I say again, I fully support transparency and public access to healthcare. But the ProPublica reporting has been quite shocking. I’m not aware of them publishing the number of surgeons out of the 17000 that are statistically different to the average. This is a small handful.

ProPublica could have chosen a different approach. This is a funnel plot and I’ve written about them before.

A funnel plot is a summary of an estimate (such as complication rate) against a measure of the precision of that estimate. In the context of healthcare, a centre or individual outcome is often plotted against patient volume. A horizontal line parallel to the x-axis represents the outcome for the entire population and outcomes for individual surgeons are displayed as points around this. This allows a comparison of individuals with that of the population average, while accounting for the increasing certainty surrounding that outcome as the sample size increases. Limits can be determined, beyond which the chances of getting an individual outcome are low if that individual were really part of the whole population.

In other words, a surgeon above the line has a complication rate different to the average.

I’ve scraped the ProPublica data for gallbladder removal (laparoscopic cholecystectomy) from California, New York and Texas for surgeons highlighted in the red-zone. These are surgeons ProPublica says have high complication rates.

As can be seen from the funnel plot, these surgeons are no where near being outliers. There is insufficient information to say whether any of them are different to average. ProPublica decided to ignore the imprecision with which the complication rates are determined. For red-zone surgeons from these 3 states, none of them have complication rates different to average.

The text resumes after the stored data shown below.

text \<open>Let \<open>f k = k powr q\<close>. The drift \<open>Qbar_apply p f j\<close> is strictly positive in every
  state \<open>j\<close>: the binomial down-jumps are controlled by a Jensen-type estimate (the harmonic mean
  of the target state is at least \<open>p j\<close>), the up-jump gains strictly more than its linearisation,
  and what remains is \<open>p j powr q * (p powr q - 1 + q) \<ge> 0\<close>. If \<open>\<pi>\<close> integrated \<open>f\<close>,
  stationarity would make the \<open>\<pi>\<close>-average of this drift vanish. As \<open>f\<close> is unbounded, one tests
  stationarity against \<open>f\<close> truncated at a level \<open>N\<close> instead: its drift agrees with that of \<open>f\<close>
  below \<open>N\<close> and is at least \<open>-p f j\<close> in states \<open>j \<ge> N\<close>. Hence
  \<open>\<pi> j\<^sub>0 * Qbar_apply p f j\<^sub>0 \<le> p * (\<Sum>j\<ge>N. f j * \<pi> j)\<close>, and the right-hand side tends to 0.\<close>

text \<open>The tangent-line bound for \<open>t \<mapsto> t powr q\<close> in the variable \<open>1/t\<close>; it follows from
  \<open>ln u \<ge> 1 - 1/u\<close> applied to \<open>u = y/x\<close>.\<close>

lemma powr_ge_tangent:
  fixes x y q :: real
  assumes "0 < x" "0 < y" "0 \<le> q"
  shows "x powr q * (1 + q * (1 - x / y)) \<le> y powr q"
proof -
  have "1 - x / y \<le> ln (y / x)"
    using ln_le_minus_one[of "x / y"] assms by (simp add: ln_div)
  then have "1 + q * (1 - x / y) \<le> 1 + q * ln (y / x)"
    using assms by (simp add: mult_left_mono)
  also have "\<dots> \<le> (y / x) powr q"
    using assms by (simp add: powr_def)
  finally show ?thesis
    using assms by (simp add: mult_left_mono powr_divide field_simps)
qed

lemma powr_gt_tangent:
  fixes x y q :: real
  assumes "0 < x" "0 < y" "0 < q" "x \<noteq> y"
  shows "x powr q * (1 + q * (1 - x / y)) < y powr q"
proof -
  have "ln (x / y) < x / y - 1"
    using ln_le_minus_one[of "x / y"] ln_eq_minus_one[of "x / y"] assms by force
  then have "1 + q * (1 - x / y) < 1 + q * ln (y / x)"
    using assms by (simp add: ln_div)
  also have "\<dots> \<le> (y / x) powr q"
    using assms by (simp add: powr_def)
  finally show ?thesis
    using assms by (simp add: powr_divide field_simps)
qed

lemma Suc_powr_gt:
  assumes "j \<ge> 1" "0 < q"
  shows "real (j + 1) * real j powr q + q * real j powr q < real (j + 1) * real (j + 1) powr q"
proof -
  have "real j powr q * (1 + q * (1 - real j / real (j + 1))) < real (j + 1) powr q"
    using powr_gt_tangent[of "real j" "real (j + 1)" q] assms by simp
  moreover have "1 - real j / real (j + 1) = 1 / real (j + 1)"
    by (simp add: field_simps)
  ultimately have "real j powr q * (1 + q / real (j + 1)) < real (j + 1) powr q"
    by simp
  then have "real (j + 1) * (real j powr q * (1 + q / real (j + 1)))
      < real (j + 1) * real (j + 1) powr q"
    by (intro mult_strict_left_mono) auto
  moreover have "real (j + 1) * (real j powr q * (1 + q / real (j + 1)))
      = real (j + 1) * real j powr q + q * real j powr q"
    by (simp add: field_simps del: of_nat_Suc)
  ultimately show ?thesis by linarith
qed

lemma has_sum_sum:
  fixes f :: "'i \<Rightarrow> 'a \<Rightarrow> 'b::topological_comm_monoid_add"
  assumes "finite I" "\<And>i. i \<in> I \<Longrightarrow> (f i has_sum s i) A"
  shows "((\<lambda>x. \<Sum>i\<in>I. f i x) has_sum (\<Sum>i\<in>I. s i)) A"
  using assms by (induction I rule: finite_induct) (auto intro: has_sum_add)

lemma infsum_atLeast_tendsto_0:
  fixes f :: "nat \<Rightarrow> 'a::banach"
  assumes "f summable_on {m..}"
  shows "(\<lambda>N. infsum f {N..}) \<longlonglongrightarrow> 0"
proof -
  define S where "S = infsum f {m..}"
  define f' where "f' i = (if m \<le> i then f i else 0)" for i
  have "(f' has_sum S) UNIV"
    using has_sum_infsum[OF assms] unfolding S_def
    by (subst has_sum_cong_neutral[where T = "{m..}" and g = f]) (auto simp: f'_def)
  then have partial: "(\<lambda>N. \<Sum>i<N. f' i) \<longlonglongrightarrow> S"
    using has_sum_imp_sums sums_def by blast
  have "infsum f {N..} = S - (\<Sum>i<N. f' i)" if "m \<le> N" for N
  proof -
    have "infsum f ({m..<N} \<union> {N..}) = infsum f {m..<N} + infsum f {N..}"
      by (rule infsum_Un_disjoint) (auto intro: summable_on_subset_banach[OF assms] simp: that)
    moreover have "{m..<N} \<union> {N..} = {m..}" using that by auto
    moreover have "(\<Sum>i<N. f' i) = (\<Sum>i\<in>{m..<N}. f i)"
      unfolding f'_def by (rule sum.mono_neutral_cong_right) auto
    ultimately show ?thesis by (simp add: S_def)
  qed
  then have "\<forall>\<^sub>F N in sequentially. S - (\<Sum>i<N. f' i) = infsum f {N..}"
    using eventually_ge_at_top[of m] by (metis (mono_tags, lifting) eventually_mono)
  moreover have "(\<lambda>N. S - (\<Sum>i<N. f' i)) \<longlonglongrightarrow> 0"
    using tendsto_diff[OF tendsto_const[of S] partial] by simp
  ultimately show ?thesis by (rule Lim_transform_eventually[rotated])
qed
(* Let $u\ge t\ge s\ge 0$ be integers and set $\lambda=(u,t,s,s)$, $\mu=(u+s,t+s)$, $\nu=(u+t,2s)$ (three partitions of $u+t+2s$). Then for every integer $k\ge1$, $$g_{k\mu,k\nu,k\lambda}=1=\tilde g_{k\mu,k\nu,k\lambda}.$$
   Context: For a partition $\alpha$ and integer $k$, $k\alpha$ is obtained by multiplying each part by $k$. The Kronecker coefficient $g_{\mu,\nu,\lambda}$ (for $\ell(\mu),\ell(\nu)\le2$, $\ell(\lambda)\le4$, same weight, parts padded with zeros) is defined by $s_\lambda(x_1y_1,x_1y_2,x_2y_1,x_2y_2)=\sum_{\mu,\nu}g_{\mu,\nu,\lambda}\,s_\mu(x_1,x_2)s_\nu(y_1,y_2)$. For integers $n,m$, $p_S(n,m)$ is the number of $(x_1,\dots,x_4)\in\mathbb{Z}_{\ge0}^4$ with $x_1+x_3+x_4=n$, $x_2+x_3+2x_4=m$ (zero if $n<0$ or $m<0$). The atomic Kronecker coefficient is $\tilde g_{\mu,\nu,\lambda}:=p_S(\nu_2-\lambda_3-\lambda_4,\ \mu_2+\nu_2-\lambda_2-\lambda_3-2\lambda_4)$. *)

theory Defs
  imports Main Complex_Main
begin

text \<open>Partitions are lists of naturals (padded with zeros to the required length).
  Cells of the Young diagram are pairs (row, column), 0-indexed.\<close>

definition cells :: "nat list \<Rightarrow> (nat \<times> nat) set" where
  "cells la = {(i, j). i < length la \<and> j < la ! i}"

definition SSYT :: "nat list \<Rightarrow> nat \<Rightarrow> (nat \<times> nat \<Rightarrow> nat) set" where
  "SSYT la n = {T. (\<forall>c\<in>cells la. T c < n) \<and> (\<forall>c. c \<notin> cells la \<longrightarrow> T c = 0)
     \<and> (\<forall>i j. (i, j) \<in> cells la \<and> (i, Suc j) \<in> cells la \<longrightarrow> T (i, j) \<le> T (i, Suc j))
     \<and> (\<forall>i j. (i, j) \<in> cells la \<and> (Suc i, j) \<in> cells la \<longrightarrow> T (i, j) < T (Suc i, j))}"

definition schur :: "nat list \<Rightarrow> real list \<Rightarrow> real" where
  "schur la xs = (\<Sum>T\<in>SSYT la (length xs). \<Prod>c\<in>cells la. xs ! (T c))"

definition parts2 :: "nat \<Rightarrow> nat list set" where
  "parts2 n = {[a, b] | a b. b \<le> a \<and> a + b = n}"

text \<open>Kronecker coefficient g_{mu,nu,la} for la of length 4: the coefficients of the
  expansion s_la(x1y1,x1y2,x2y1,x2y2) = sum g_{mu,nu,la} s_mu(x1,x2) s_nu(y1,y2),
  mu, nu ranging over partitions of |la| with at most two parts (other g are 0).\<close>
definition kron :: "nat list \<Rightarrow> nat list \<Rightarrow> nat list \<Rightarrow> int" where
  "kron mu nu la = (THE g :: nat list \<Rightarrow> nat list \<Rightarrow> int.
      (\<forall>a b. (a, b) \<notin> parts2 (sum_list la) \<times> parts2 (sum_list la) \<longrightarrow> g a b = 0) \<and>
      (\<forall>x1 x2 y1 y2 :: real.
         schur la [x1*y1, x1*y2, x2*y1, x2*y2] =
         (\<Sum>(a, b)\<in>parts2 (sum_list la) \<times> parts2 (sum_list la).
             of_int (g a b) * schur a [x1, x2] * schur b [y1, y2]))) mu nu"
(* In the setting of the 2-node sliced contraction (all $m_i=2$) with all sliced index dimensions equal, $L_i=L>2$ for $i=1,\dots,n$, the $f$-resilient number $f+2L^n-1$ is achievable (via the encoding $\tilde A^{(i,1)}(x)=\sum_{s=1}^{L}A^{(i,1)}_{s}x^{(s-1)L^{i-1}}$, $\tilde A^{(i,2)}(x)=\sum_{s=1}^{L}A^{(i,2)}_{s}x^{(L-s)L^{i-1}}$, each worker evaluating $\Phi$ on the encoded tensors at its own distinct point $x$), and the gain compared to naive replication is $\Delta=(L^n-1)(f-1)$.
   Context: Setting (sliced parallel tensor network contraction). A tensor network is contracted in parallel by "slicing" $n$ of its closed indices: index $i$ has dimension $L_i$ and is shared by $m_i$ tensors (an "$m_i$-node index"), and the sliced indices are pairwise non-adjacent, i.e. no tensor carries two sliced indices. Fixing the value $s_i\in\{1,\dots,L_i\}$ of each sliced index turns each of the $m_i$ tensors attached to index $i$ into a sliced subtensor $A^{(i,j)}_{s_i}\in V_{i,j}$ ($j=1,\dots,m_i$), and contracting the rest of the network (all tensors not attached to sliced indices, together with all non-sliced indices) is a multilinear map $\Phi:\prod_{i=1}^n\prod_{j=1}^{m_i}V_{i,j}\to W$ over an infinite field $\mathbb{F}$. The sliced partition for $(s_1,\dots,s_n)$ is $\sigma_{s_1\cdots s_n}=\Phi(A^{(1,1)}_{s_1},\dots,A^{(1,m_1)}_{s_1},\dots,A^{(n,1)}_{s_n},\dots,A^{(n,m_n)}_{s_n})$, and the desired output is $\sigma_{\mathrm{final}}=\sum_{s_1,\dots,s_n}\sigma_{s_1\cdots s_n}$; there are $N=\prod_i L_i$ sliced partitions. Computing model: a master distributes work to workers; each worker evaluates $\Phi$ once on one input from each $V_{i,j}$ (so it has the same computational cost as computing one sliced partition) and returns the result; up to $f$ workers may fail, and nothing is recovered from a failed worker. The $f$-resilient number of a scheme is the total number of workers required so that $\sigma_{\mathrm{final}}$ can be retrieved despite any $f$ worker failures. Naive replication (each of the $N$ sliced partitions computed by $f+1$ workers) has $f$-resilient number $N(f+1)$; the gain of a scheme is $N(f+1)$ minus its $f$-resilient number. *)

theory Defs
  imports Complex_Main "HOL-Library.FuncSet"
begin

ProPublica_lap_chole_funnel

Black line, population average (4.4%), blue line 95% control limit, red line 99% control limit.

How likely is it that a surgeon with an average complication rate (4.4%) will appear in the red-zone just by chance (>5.2%)? The answer is, pretty likely given the small numbers of cases here: anything up to a 25% chance depending on the number of cases performed. Even at the top of the green-zone (low ACR, 3.9%), there is still around a 1 in 6 chance a surgeon will appear to have a high complication rate just by chance.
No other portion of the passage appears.